A National Audit Office report in October quoted estimates from ExcludedUK, which represents people who have been unable to access financial support during the pandemic, about 400,000 short-term contractors moving between jobs had been ineligible for support in the UK.

People who were newly self-employed and so had never submitted a relevant tax return would also have been ineligible for SEISS.

And HMRC estimated that was about 200,000 people.

Company directors

Another example is directors of their own companies who pay themselves through dividends, which is usually the way companies share profits among shareholders, rather than a salary.

Many people with their own businesses find dividends a better way of paying themselves, because they take money from the business only when it has made a profit.

But HMRC does not distinguish between such payments and dividends paid to investors.

The Association of Independent Professionals and the Self-Employed estimates 710,000 limited-company directors in the UK have been receiving little financial support during the pandemic.

Company directors could also be eligible for government-backed loans for their businesses.

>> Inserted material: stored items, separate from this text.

lemma zeta_vec_scalar_prod_xi_vec:
  assumes "B \<in> carrier_mat (d+1) (d+1)"
  shows "zeta_vec d \<bullet> (B *\<^sub>v xi_vec d z) = (\<Sum>j\<le>d. B $$ (0, j) * z powr (- real j / 2))"
proof -
  have "zeta_vec d \<bullet> (B *\<^sub>v xi_vec d z) = (\<Sum>i\<le>d. if i = 0 then (B *\<^sub>v xi_vec d z) $ i else 0)"
    using assms unfolding scalar_prod_def atLeast0LessThan lessThan_Suc_atMost
    by (intro sum.cong) (auto simp: zeta_vec_def)
  also have "\<dots> = Matrix.row B 0 \<bullet> xi_vec d z"
    using assms by simp
  also have "\<dots> = (\<Sum>j\<le>d. B $$ (0, j) * z powr (- real j / 2))"
    using assms unfolding scalar_prod_def atLeast0LessThan lessThan_Suc_atMost
    by (intro sum.cong) (auto simp: xi_vec_def)
  finally show ?thesis .
qed

lemma sqrt_power_mult_powr_dist:
  fixes z :: real
  assumes "0 < z"
  shows "sqrt z ^ (a + b) * z powr (- real (nat \<bar>int a - int b\<bar>) / 2) = z ^ min a b"
proof -
  define N where "N = nat \<bar>int a - int b\<bar>"
  have "a + b = 2 * min a b + N"
    unfolding N_def by (cases "a \<le> b") auto
  then have "sqrt z ^ (a + b) = z ^ min a b * sqrt z ^ N"
    using assms by (simp add: power_add power_mult)
  moreover have "z powr (real N / 2) = sqrt z ^ N"
    using assms by (simp add: powr_half_sqrt[symmetric] powr_realpow[symmetric] powr_powr)
  ultimately show ?thesis
    using assms by (simp add: N_def[symmetric] powr_minus)
qed

lemma walk_weight_sum_eq_expectation:
  assumes "0 \<le> \<alpha>" "\<alpha> \<le> 1/2" "0 < z"
  shows "(\<Sum>j\<le>d. walk_weight \<alpha> z d j * z powr (- real j / 2)) =
         measure_pmf.expectation (r_pmf \<alpha> d) (\<lambda>r. z ^ min (up_steps d r) (down_steps d r))"
proof -
  have "(\<Sum>j\<le>d. walk_weight \<alpha> z d j * z powr (- real j / 2)) =
        measure_pmf.expectation (r_pmf \<alpha> d)
          (\<lambda>r. \<Sum>j\<le>d. fold_weight z j (up_steps d r) (down_steps d r) * z powr (- real j / 2))"
    unfolding walk_weight_def
    by (subst Bochner_Integration.integral_sum)
       (auto intro!: integrable_Pi_pmf_r_dist assms)
  also have "\<dots> = measure_pmf.expectation (r_pmf \<alpha> d) (\<lambda>r. z ^ min (up_steps d r) (down_steps d r))"
  proof (intro Bochner_Integration.integral_cong refl)
    fix r
    let ?a = "up_steps d r" and ?b = "down_steps d r"
    let ?N = "nat \<bar>int ?a - int ?b\<bar>"
    have "?N \<le> d"
      using up_steps_add_down_steps_le[of d r] by linarith
    have "(\<Sum>j\<le>d. fold_weight z j ?a ?b * z powr (- real j / 2)) =
          (\<Sum>j\<le>d. if j = ?N then sqrt z ^ (?a + ?b) * z powr (- real ?N / 2) else 0)"
      by (intro sum.cong) (auto simp: fold_weight_def)
    also have "\<dots> = z ^ min ?a ?b"
      using \<open>?N \<le> d\<close> sqrt_power_mult_powr_dist[OF assms(3), of ?a ?b] by simp
    finally show "(\<Sum>j\<le>d. fold_weight z j ?a ?b * z powr (- real j / 2)) = z ^ min ?a ?b" .
  qed
  finally show ?thesis .
qed

lemma zeta_vec_scalar_prod_A_mat_pow_xi_vec:
  assumes "0 \<le> \<alpha>" "\<alpha> \<le> 1/2" "0 < z"
  shows "zeta_vec d \<bullet> ((A_mat d \<alpha> z ^\<^sub>m d) *\<^sub>v xi_vec d z) =
         measure_pmf.expectation (r_pmf \<alpha> d) (\<lambda>r. z ^ min (up_steps d r) (down_steps d r))"
proof -
  have "zeta_vec d \<bullet> ((A_mat d \<alpha> z ^\<^sub>m d) *\<^sub>v xi_vec d z) =
        (\<Sum>j\<le>d. (A_mat d \<alpha> z ^\<^sub>m d) $$ (0, j) * z powr (- real j / 2))"
    by (intro zeta_vec_scalar_prod_xi_vec pow_carrier_mat A_mat_carrier)
  also have "\<dots> = (\<Sum>j\<le>d. walk_weight \<alpha> z d j * z powr (- real j / 2))"
    by (intro sum.cong refl) (simp add: A_mat_pow_row_0[OF assms(1,2)])
  also have "\<dots> = measure_pmf.expectation (r_pmf \<alpha> d) (\<lambda>r. z ^ min (up_steps d r) (down_steps d r))"
    by (rule walk_weight_sum_eq_expectation[OF assms])
  finally show ?thesis .
qed

definition zero_steps :: "nat \<Rightarrow> (nat \<Rightarrow> real) \<Rightarrow> nat" where
  "zero_steps n r = (\<Sum>h=1..n. of_bool (r h = 0))"

lemma X1_factor:
  fixes e \<tau> x :: real
  assumes "\<tau> \<in> {-1, 1}" "x \<in> {-1, 0, 1}"
  shows "1 - (1 - e) * ((1 + \<tau> * x) / 2) = ((1 + e) / 2) ^ of_bool (x = 0) * e ^ of_bool (x = \<tau>)"
  using assms by (elim insertE emptyE) (simp_all add: field_simps)

lemma X1_eq:
  assumes "r ` {1..d} \<subseteq> {-1, 0, 1}"
  shows "X1 d \<beta> r = ((1 + exp (-\<beta>)) / 2) ^ zero_steps d r * (exp (-\<beta>) ^ up_steps d r + exp (-\<beta>) ^ down_steps d r)"
proof -
  have prod: "(\<Prod>h=1..d. 1 - (1 - exp (-\<beta>)) * rho r h \<tau>) =
              ((1 + exp (-\<beta>)) / 2) ^ zero_steps d r * exp (-\<beta>) ^ (\<Sum>h=1..d. of_bool (r h = \<tau>))"
    if "\<tau> \<in> {-1, 1}" for \<tau>
    unfolding rho_def zero_steps_def power_sum prod.distrib[symmetric]
    using that assms by (intro prod.cong refl X1_factor) (auto simp: image_subset_iff)
  show ?thesis
    using prod[of 1] prod[of "-1"]
    by (simp add: X1_def up_steps_def down_steps_def algebra_simps)
qed
lemma antibalanced_cycle_sign:
  assumes sg: "signed_graph E \<sigma>" and ab: "antibalanced E \<sigma>" and cyc: "is_cycle E cs"
  shows "cycle_sign \<sigma> cs = (-1) ^ length cs"
proof -
  have "cs \<noteq> []"
    using cyc by (auto simp: is_cycle_def)
  then have "\<bar>cycle_sign \<sigma> cs\<bar> = 1"
    using cyc walk_sign_abs[of E \<sigma> "cs @ [hd cs]"] signed_graph_abs_sign[OF sg]
    by (auto simp: is_cycle_iff cycle_sign_eq_walk_sign)
  moreover have "odd (length cs) \<Longrightarrow> cycle_sign \<sigma> cs < 0" "even (length cs) \<Longrightarrow> cycle_sign \<sigma> cs > 0"
    using ab cyc by (auto simp: antibalanced_def)
  ultimately show ?thesis
    by (cases "even (length cs)") (auto simp: abs_if split: if_splits)
qed
lemma balanced_insert:
  assumes "finite R" "e \<notin> R" "balanced ends R B"
    and "\<forall>x\<in>ends e. degree ends R x \<le> degree ends B x"
  shows "balanced ends (insert e R) B"
  unfolding balanced_def
proof
  fix v
  have "degree ends R v \<le> degree ends B v + 1" "degree ends B v \<le> degree ends R v + 1"
    using assms(3) unfolding balanced_def by blast+
  then show "degree ends (insert e R) v \<le> degree ends B v + 1 \<and>
      degree ends B v \<le> degree ends (insert e R) v + 1"
    using assms(1,2,4) by (auto simp: degree_insert)
qed

lemma balanced_Un:
  assumes "finite I" "finite R" "finite B" "I \<inter> R = {}" "I \<inter> B = {}" "balanced ends R B"
  shows "balanced ends (I \<union> R) (I \<union> B)"
  using assms unfolding balanced_def by (simp add: degree_Un_disjoint)

(* Summed over either side of the bipartition, the surplus of R over B is card R - card B,
   since every edge has exactly one end on each side. *)
lemma degree_diff_eq_at_ends:
  assumes "finite R" "finite B" "bipartite_edges ends A (R \<union> B)" "u \<in> A" "w \<notin> A"
    and "\<And>v. v \<noteq> u \<Longrightarrow> v \<noteq> w \<Longrightarrow> degree ends R v = degree ends B v"
  shows "int (degree ends R u) - int (degree ends B u) =
    int (degree ends R w) - int (degree ends B w)"
proof -
  define s where "s v = int (degree ends R v) - int (degree ends B v)" for v
  define W where "W = insert u (insert w (\<Union>(ends ` (R \<union> B))))"
  have "finite (ends f)" if "f \<in> R \<union> B" for f
    by (rule bipartite_edgesE[OF assms(3) that]) simp
  then have "finite W"
    using assms(1,2) by (simp add: W_def)
  have ends_W: "\<forall>f\<in>R. ends f \<subseteq> W" "\<forall>f\<in>B. ends f \<subseteq> W"
    by (auto simp: W_def)
  have sum_side: "(\<Sum>v\<in>W \<inter> P. s v) = int (card R) - int (card B)"
    if "bipartite_edges ends P (R \<union> B)" for P
  proof -
    have "bipartite_edges ends P R" "bipartite_edges ends P B"
      using bipartite_edges_subset[OF that] by blast+
    then have "(\<Sum>v\<in>W \<inter> P. degree ends R v) = card R"
      and "(\<Sum>v\<in>W \<inter> P. degree ends B v) = card B"
      using sum_degree_side_eq_card[OF \<open>finite W\<close> assms(1) _ ends_W(1)]
        sum_degree_side_eq_card[OF \<open>finite W\<close> assms(2) _ ends_W(2)] by simp_all
    then show ?thesis
      by (simp add: s_def sum_subtractf flip: of_nat_sum)
  qed
  have s_zero: "s v = 0" if "v \<noteq> u" "v \<noteq> w" for v
    using assms(6)[OF that] by (simp add: s_def)
  have "(\<Sum>v\<in>W \<inter> A. s v) = (\<Sum>v\<in>{u}. s v)"
  proof (rule sum.mono_neutral_right)
    show "\<forall>v\<in>W \<inter> A - {u}. s v = 0"
      using assms(5) s_zero by blast
  qed (use \<open>finite W\<close> assms(4) in \<open>auto simp: W_def\<close>)
  moreover have "(\<Sum>v\<in>W \<inter> - A. s v) = (\<Sum>v\<in>{w}. s v)"
  proof (rule sum.mono_neutral_right)
    show "\<forall>v\<in>W \<inter> - A - {w}. s v = 0"
      using assms(4) by (auto intro!: s_zero)
  qed (use \<open>finite W\<close> assms(5) in \<open>auto simp: W_def\<close>)
  ultimately have "s u = s w"
    using sum_side[OF assms(3)] sum_side[OF bipartite_edges_Compl[OF assms(3)]] by simp
  then show ?thesis
    by (simp add: s_def)
qed

lemma edge_at_odd_vertex_exists:
  assumes "finite H" "H \<noteq> {}"
  shows "\<exists>e\<in>H. (\<exists>v. odd (degree ends H v)) \<longrightarrow> (\<exists>v\<in>ends e. odd (degree ends H v))"
proof (cases "\<exists>v. odd (degree ends H v)")
  case True
  then obtain v where v: "odd (degree ends H v)"
    by blast
  then have "{f\<in>H. v \<in> ends f} \<noteq> {}"
    using odd_card_imp_not_empty unfolding degree_def by blast
  with v show ?thesis
    by blast
next
  case False
  with assms(2) show ?thesis
    by blast
qed

lemma balanced_ends_comparable:
  assumes "finite R" "finite B" "bipartite_edges ends A (R \<union> B)" "balanced ends R B"
    and "ends e = {u, w}" "u \<in> A" "w \<notin> A"
    and "(\<exists>v\<in>ends e. even (degree ends R v + degree ends B v)) \<or>
      (\<forall>v. v \<notin> ends e \<longrightarrow> even (degree ends R v + degree ends B v))"
  shows "(\<forall>x\<in>ends e. degree ends R x \<le> degree ends B x) \<or>
    (\<forall>x\<in>ends e. degree ends B x \<le> degree ends R x)"
  using assms(8)
proof
  assume "\<exists>v\<in>ends e. even (degree ends R v + degree ends B v)"
  then obtain v where "v \<in> ends e" "degree ends R v = degree ends B v"
    using balanced_even_degree_eq[OF assms(4)] by blast
  then show ?thesis
    using assms(5) by auto
next
  assume "\<forall>v. v \<notin> ends e \<longrightarrow> even (degree ends R v + degree ends B v)"
  then have "degree ends R v = degree ends B v" if "v \<noteq> u" "v \<noteq> w" for v
    using balanced_even_degree_eq[OF assms(4)] that assms(5) by simp
  then have "int (degree ends R u) - int (degree ends B u) =
      int (degree ends R w) - int (degree ends B w)"
    by (rule degree_diff_eq_at_ends[OF assms(1-3,6,7)])
  then show ?thesis
    using assms(5) by auto
qed

lemma balanced_extend:
  assumes "finite R" "finite B" "R \<inter> B = {}" "e \<notin> R \<union> B" "balanced ends R B"
    and "bipartite_edges ends A (insert e (R \<union> B))"
    and "(\<exists>v. odd (degree ends (insert e (R \<union> B)) v)) \<longrightarrow>
      (\<exists>v\<in>ends e. odd (degree ends (insert e (R \<union> B)) v))"
  shows "balanced ends (insert e R) B \<or> balanced ends R (insert e B)"
proof -
  let ?H = "insert e (R \<union> B)"
  obtain u w where uw: "ends e = {u, w}" "u \<in> A" "w \<notin> A"
    by (rule bipartite_edgesE[OF assms(6) insertI1])
  have degree_H: "degree ends ?H v =
      degree ends R v + degree ends B v + (if v \<in> ends e then 1 else 0)" for v
    using assms(1-4) by (simp add: degree_insert degree_Un_disjoint)
  have parity: "(\<exists>v\<in>ends e. even (degree ends R v + degree ends B v)) \<or>
      (\<forall>v. v \<notin> ends e \<longrightarrow> even (degree ends R v + degree ends B v))"
  proof (cases "\<exists>v. odd (degree ends ?H v)")
    case True
    then obtain v where "v \<in> ends e" "odd (degree ends ?H v)"
      using assms(7) by blast
    then show ?thesis
      using degree_H[of v] by auto
  next
    case False
    then show ?thesis
      using degree_H by auto
  qed
  have "bipartite_edges ends A (R \<union> B)"
    by (rule bipartite_edges_subset[OF assms(6)]) auto
  then have "(\<forall>x\<in>ends e. degree ends R x \<le> degree ends B x) \<or>
      (\<forall>x\<in>ends e. degree ends B x \<le> degree ends R x)"
    by (rule balanced_ends_comparable[OF assms(1,2) _ assms(5) uw parity])
  moreover have "e \<notin> R" "e \<notin> B"
    using assms(4) by simp_all
  ultimately show ?thesis
    using balanced_insert[OF assms(1) \<open>e \<notin> R\<close> assms(5)]
      balanced_insert[OF assms(2) \<open>e \<notin> B\<close> balanced_commute[THEN iffD1, OF assms(5)]]
      balanced_commute[of ends "insert e B" R] by blast
qed

(* Remove an edge e chosen at a vertex of odd degree (if there is one), split the rest by
   induction and add e to the side that is not in excess at either end of e. *)
lemma balanced_split_exists:
  assumes "finite H" "bipartite_edges ends A H"
  obtains R B where "R \<union> B = H" "R \<inter> B = {}" "balanced ends R B"
proof -
  have "\<exists>R B. R \<union> B = H \<and> R \<inter> B = {} \<and> balanced ends R B"
    using assms
  proof (induction H rule: finite_remove_induct)
    case empty
    show ?case
      by (simp add: balanced_def)
  next
    case (remove H)
    obtain e where "e \<in> H"
      and odd_at_e: "(\<exists>v. odd (degree ends H v)) \<longrightarrow> (\<exists>v\<in>ends e. odd (degree ends H v))"
      using edge_at_odd_vertex_exists[OF remove.hyps(1,2), of ends] by blast
    obtain R B where RB: "R \<union> B = H - {e}" "R \<inter> B = {}" "balanced ends R B"
      using remove.IH[OF \<open>e \<in> H\<close> bipartite_edges_subset[OF remove.prems Diff_subset]] by blast
    have "finite (R \<union> B)"
      using RB(1) remove.hyps(1) by simp
    then have fin: "finite R" "finite B"
      by simp_all
    have "e \<notin> R \<union> B" and H_eq: "H = insert e (R \<union> B)"
      using RB(1) \<open>e \<in> H\<close> by auto
    then have "balanced ends (insert e R) B \<or> balanced ends R (insert e B)"
      using balanced_extend[OF fin RB(2) _ RB(3)] remove.prems odd_at_e by simp
    moreover have "insert e R \<union> B = H" "R \<union> insert e B = H"
      and "insert e R \<inter> B = {}" "R \<inter> insert e B = {}"
      using H_eq RB(2) \<open>e \<notin> R \<union> B\<close> by auto
    ultimately show ?case
      by blast
  qed
  then show ?thesis
    using that by blast
qed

But unlike the funding from the other support schemes, that would need to be repaid.

Earning too much

People who had trading profits of more than £50,000 in 2018-19 are ineligible for SEISS, which the Institute for Fiscal Studies (IFS) estimates disqualified about 225,000 people.

Kate Bell from trade-union umbrella body the TUC suggested to the Treasury Committee investigation into the "excluded", in June, the government might look into whether this could "be applied more on a taper basis" rather than a strict cut-off.

But at the moment, someone earning £49,999 would be eligible for significant support, while someone earning £50,000 would receive nothing.

And that is despite the fact, as the IFS points out, furloughed workers with an income of £50,000 or more can still receive support of £2,500 a month.

Other support

Other groups without financial support include those made redundant during the pandemic instead of being furloughed.

Prime Minister Boris Johnson told MPs: "As long as restrictions are in place, we will continue to support everyone affected by them." saying that people unable to access the government's financial-support schemes could be eligible for universal credit.

But not everybody will be able to claim.

Eligibility depends on factors such as whether a claimant has children, savings or any other income coming into their household, which are not taken into account for the Covid support schemes.

The NAO, Treasury Committee and Public Accounts Committee have all recommended the government finds ways to support people who have lost their income but missed out on funding throughout the pandemic.